Export Reviews, Discussions, Author Feedback and Meta-Reviews

Paper ID:	1631
Title:	Action-Conditional Video Prediction using Deep Networks in Atari Games

Current Reviews

Submitted by Assigned_Reviewer_1

Q1: Comments to author(s). First provide a summary of the paper, and then address the following criteria: Quality, clarity, originality and significance. (For detailed reviewing guidelines, see http://nips.cc/PaperInformation/ReviewerInstructions)

The paper addresses the problem of learning a model of Atari 2600 games (a popular testbed for reinforcement learning algorithms), in other words predicting future frames conditioned on action input.

This is a challenging problem and its solution is a useful tool to build better controllers.

The paper is clear and well-structured, and has convincing experiments (and videos).

The model is a CNN (with a fully-connected layer) followed by multiplicative interactions with an action vector, followed by convolution decoding layers. The recurrent version has an LSTM layer added after the CNN.

The authors evaluate their models both on pixel accuracy (traditional way of evaluating such models) and on usefulness for control (what we really care about).

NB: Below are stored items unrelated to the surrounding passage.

lemma vmode_basis_vec_pair:
  "vmode (basis_vec {#x, y#}) k v = (if x \<le> y then wmode [x, y] k v else wmode [y, x] k v)"
  by (simp add: vmode_def supp_basis_vec basis_vec_def)

lemma zcirc_pair_basis_vec:
  assumes "0 < p" "0 < q" "i \<notin> fst ` set_mset M" "j \<notin> fst ` set_mset M"
  shows "zcirc (p + q) (basis_vec {#(i, p), (j, q)#}) (basis_vec M) =
    of_nat q *\<^sub>v basis_vec (add_mset (i, p) (add_mset (j, q + 1) M))
    + of_nat p *\<^sub>v basis_vec (add_mset (i, p + 1) (add_mset (j, q) M))
    + of_nat (p + q) *\<^sub>v basis_vec (add_mset (i, p) (add_mset (j, q) M))"
proof -
  let ?t = "\<lambda>x. of_nat ((p + q) choose x) *\<^sub>v
    vmode (basis_vec {#(i, p), (j, q)#}) (int x - 2) (basis_vec M)"
  have "zcirc (p + q) (basis_vec {#(i, p), (j, q)#}) (basis_vec M) = sum ?t {..p + q}"
    by (simp add: zcirc_def)
  also have "\<dots> = sum ?t {0, 1}"
    by (rule sum.mono_neutral_right)
      (use assms in \<open>auto simp: vmode_basis_vec_pair wmode_pair_nonneg\<close>)
  finally show ?thesis
    using assms by (simp add: vmode_basis_vec_pair wmode_pair_minus1 wmode_pair_minus2
        add_mset_commute add.commute)
qed

lemma OH_diff:
  assumes "x \<in> OH l" "y \<in> OH l"
  shows "x - y \<in> OH l"
proof -
  have "x + (-1) *\<^sub>v y = x - y" by (simp add: smul_def fun_eq_iff)
  with OH.add[OF assms(1) OH.scale[OF assms(2)]] show ?thesis by metis
qed

lemma OH_cong_trans [trans]: "OH_cong l u v \<Longrightarrow> OH_cong l v w \<Longrightarrow> OH_cong l u w"
  unfolding OH_cong_def by (drule (1) OH.add) simp

lemma OH_cong_smul: "OH_cong l u v \<Longrightarrow> OH_cong l (c *\<^sub>v u) (c *\<^sub>v v)"
  unfolding OH_cong_def
  by (drule OH.scale[of _ _ c]) (simp add: smul_def fun_diff_def right_diff_distrib)

lemma OH_cong_alternating:
  assumes "\<And>x. 0 < x \<Longrightarrow> OH_cong l (f (Suc x)) ((-1) *\<^sub>v f x)" "0 < m"
  shows "OH_cong l (f m) ((-1) ^ (m + 1) *\<^sub>v f 1)"
  using assms(2)
proof (induction m rule: nat_induct_non_zero)
  case 1
  show ?case using OH.zero by (simp add: OH_cong_def)
next
  case (Suc x)
  have "OH_cong l (f (Suc x)) ((-1) *\<^sub>v f x)" using assms(1) Suc.hyps .
  also have "OH_cong l \<dots> ((-1) ^ (Suc x + 1) *\<^sub>v f 1)"
    using OH_cong_smul[OF Suc.IH, of "-1"] by simp
  finally show ?case .
qed

lemma zcirc_pair_relation:
  assumes "i \<in> {1..l}" "j \<in> {1..l}" "0 < p" "0 < q"
    and "fock_mon l M" "even (size M)" "i \<notin> fst ` set_mset M" "j \<notin> fst ` set_mset M"
  shows "of_nat q *\<^sub>v basis_vec (add_mset (i, p) (add_mset (j, q + 1) M))
    + of_nat p *\<^sub>v basis_vec (add_mset (i, p + 1) (add_mset (j, q) M))
    + of_nat (p + q) *\<^sub>v basis_vec (add_mset (i, p) (add_mset (j, q) M)) \<in> OH l"
proof -
  have "zcirc (p + q) (basis_vec {#(i, p), (j, q)#}) (basis_vec M) \<in> OH l"
  proof (rule OH.gen)
    show "basis_vec {#(i, p), (j, q)#} \<in> Hplus l" "basis_vec M \<in> Hplus l"
      using assms by (auto intro!: basis_vec_in_Hplus simp: fock_mon_def)
    show "homog (p + q) (basis_vec {#(i, p), (j, q)#})"
      by (simp add: homog_def basis_vec_def wtm_def)
  qed
  then show ?thesis using assms by (simp add: zcirc_pair_basis_vec)
qed

lemma raise_mode_OH_cong:
  assumes "i \<in> {1..l}" "j \<in> {1..l}" "k \<in> {1..l}" "distinct [i, j, k]" "0 < p" "0 < q" "0 < t"
    and "fock_mon l N" "odd (size N)"
    and "i \<notin> fst ` set_mset N" "j \<notin> fst ` set_mset N" "k \<notin> fst ` set_mset N"
  defines "X \<equiv> \<lambda>p. basis_vec (add_mset (i, p) (add_mset (j, q) (add_mset (k, t) N)))"
  shows "OH_cong l (X (Suc p)) ((-1) *\<^sub>v X p)"
proof -
  have fock: "fock_mon l (add_mset x N)" if "fst x \<in> {1..l}" "0 < snd x" for x
    using assms(8) that by (simp add: fock_mon_def)
  have rel_ij: "of_nat q *\<^sub>v basis_vec (add_mset (i, p) (add_mset (j, q + 1) (add_mset (k, t) N)))
    + of_nat p *\<^sub>v X (p + 1) + of_nat (p + q) *\<^sub>v X p \<in> OH l"
    unfolding X_def using assms fock[of "(k, t)"] by (intro zcirc_pair_relation) auto
  have rel_ik: "of_nat t *\<^sub>v basis_vec (add_mset (i, p) (add_mset (k, t + 1) (add_mset (j, q) N)))
    + of_nat p *\<^sub>v X (p + 1) + of_nat (p + t) *\<^sub>v X p \<in> OH l"
    using zcirc_pair_relation[of i l k p t "add_mset (j, q) N"] assms fock[of "(j, q)"]
    by (simp add: add_mset_commute)
  have rel_jk: "of_nat t *\<^sub>v basis_vec (add_mset (i, p) (add_mset (k, t + 1) (add_mset (j, q) N)))
    + of_nat q *\<^sub>v basis_vec (add_mset (i, p) (add_mset (j, q + 1) (add_mset (k, t) N)))
    + of_nat (q + t) *\<^sub>v X p \<in> OH l"
    using zcirc_pair_relation[of j l k q t "add_mset (i, p) N"] assms fock[of "(i, p)"]
    by (simp add: add_mset_commute)
  have combine: "OH_cong l u v"
    if "x \<in> OH l" "y \<in> OH l" "z \<in> OH l"
      and "u - v = (1 / (2 * of_nat p)) *\<^sub>v (x + y - z)" for u v x y z
    unfolding OH_cong_def using that by (metis OH.scale OH_diff OH.add)
  show ?thesis
    by (rule combine[OF rel_ij rel_ik rel_jk])
      (use assms(5) in \<open>simp add: smul_def fun_eq_iff field_simps\<close>)
qed

lemma lower_mode_to_one_OH_cong:
  assumes "a \<in> {1..l}" "b \<in> {1..l}" "c \<in> {1..l}" "d \<in> {1..l}" "distinct [a, b, c, d]"
    and "0 < m" "0 < n" "0 < r" "0 < s"
  shows "OH_cong l (basis_vec {#(a, m), (b, n), (c, r), (d, s)#})
    ((-1) ^ (m + 1) *\<^sub>v basis_vec {#(a, 1), (b, n), (c, r), (d, s)#})"
  using assms
  by (intro OH_cong_alternating[where f = "\<lambda>m. basis_vec {#(a, m), (b, n), (c, r), (d, s)#}"]
      raise_mode_OH_cong) (auto simp: fock_mon_def)

lemma S_eq_basis_vec:
  assumes "0 < m" "0 < n" "0 < r" "0 < s"
  shows "S a b c d m n r s = basis_vec {#(a, m), (b, n), (c, r), (d, s)#}"
  using assms by (simp add: S_def vac_def basis_vec_def hmode_neg_basis_vec[unfolded basis_vec_def])

theorem lemma4p1p6:
  fixes l a b c d m n r s :: nat
  assumes "a \<in> {1..l}" "b \<in> {1..l}" "c \<in> {1..l}" "d \<in> {1..l}"
    and "distinct [a, b, c, d]"
    and "0 < m" "0 < n" "0 < r" "0 < s"
  shows "zhu_eq l (S a b c d m n r s) (((-1) ^ (m + n + r + s)) *\<^sub>v S a b c d 1 1 1 1)"
proof -
  let ?B = "\<lambda>x y z w. basis_vec {#(a, x), (b, y), (c, z), (d, w)#}"
  have "OH_cong l (?B m n r s) ((-1) ^ (m + 1) *\<^sub>v ?B 1 n r s)"
    using assms by (rule lower_mode_to_one_OH_cong)
  also have "OH_cong l \<dots> (((-1) ^ (m + 1) * (-1) ^ (n + 1)) *\<^sub>v ?B 1 1 r s)"
    using OH_cong_smul[OF lower_mode_to_one_OH_cong[of b l a c d n 1 r s],
        of "(-1) ^ (m + 1)"] assms
    by (simp add: add_mset_commute)
  also have "OH_cong l \<dots> (((-1) ^ (m + 1) * (-1) ^ (n + 1) * (-1) ^ (r + 1)) *\<^sub>v ?B 1 1 1 s)"
    using OH_cong_smul[OF lower_mode_to_one_OH_cong[of c l a b d r 1 1 s],
        of "(-1) ^ (m + 1) * (-1) ^ (n + 1)"] assms
    by (simp add: add_mset_commute)
  also have "OH_cong l \<dots>
      (((-1) ^ (m + 1) * (-1) ^ (n + 1) * (-1) ^ (r + 1) * (-1) ^ (s + 1)) *\<^sub>v ?B 1 1 1 1)"
    using OH_cong_smul[OF lower_mode_to_one_OH_cong[of d l a b c s 1 1 1],
        of "(-1) ^ (m + 1) * (-1) ^ (n + 1) * (-1) ^ (r + 1)"] assms
    by (simp add: add_mset_commute)
  also have "\<dots> = (-1) ^ (m + n + r + s) *\<^sub>v ?B 1 1 1 1"
    by (simp add: power_add)
  finally show ?thesis
    using assms by (auto simp: zhu_eq_def OH_cong_def S_eq_basis_vec fock_mon_def
        intro!: basis_vec_in_Hplus smul_in_Hplus)
qed

end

It would be desirable to include more experimental details about 1) the network architecture (especially the deconvolution part) and 2) the network training procedure. Ideally, code would be made available, but more details in the main text or supplementary would also be fine.

Some comments:

- It is a bit unfortunate that the authors did not try to predict rewards in addition to the next frames, that would have opened the door to using the model for planning (e.g., using UCT), instead of using a trained model-free controller to test the usefulness for control - which is a bit harder to interpret.

- Baselines against which the models are compared are a bit weak, but this is fair enough since there are no obvious candidates to compare against (afaik).

- About the exploration section, is the predictive model learned online to help with exploration? Or is it learned using data from a regular DQN (uninformed exploration) first, and then used to direct the exploration of a new controller. If it's the latter then it's not clear what this is achieving - since exploration has already been done to obtain the model. In any case, it is still a bit surprising that this helps in some games.

- The controlled vs uncontrolled dynamics section at the end is interesting.

- The authors might want to take a look at this relevant recent work "DeepMPC: Learning Deep Latent Features for Model Predictive Control" on learning deep predictive models (using also multiplicative interactions with the actions) for control, although this isn't in the visual domain.

Minor things/typos:

- "In Seaquest, new objects appear from the left side or right side randomly, and these are hard to predict." I'm not sure this is completely true, but it certainly looks random.

- line 430: predicing

[Updated score after rebuttal. Other recent papers which learn deep dynamical model from images, though not for the Atari game: -From Pixels to Torques: Policy Learning with Deep Dynamical Models -Embed to Control: A Locally Linear Latent Dynamics Model for Control from Raw Images ]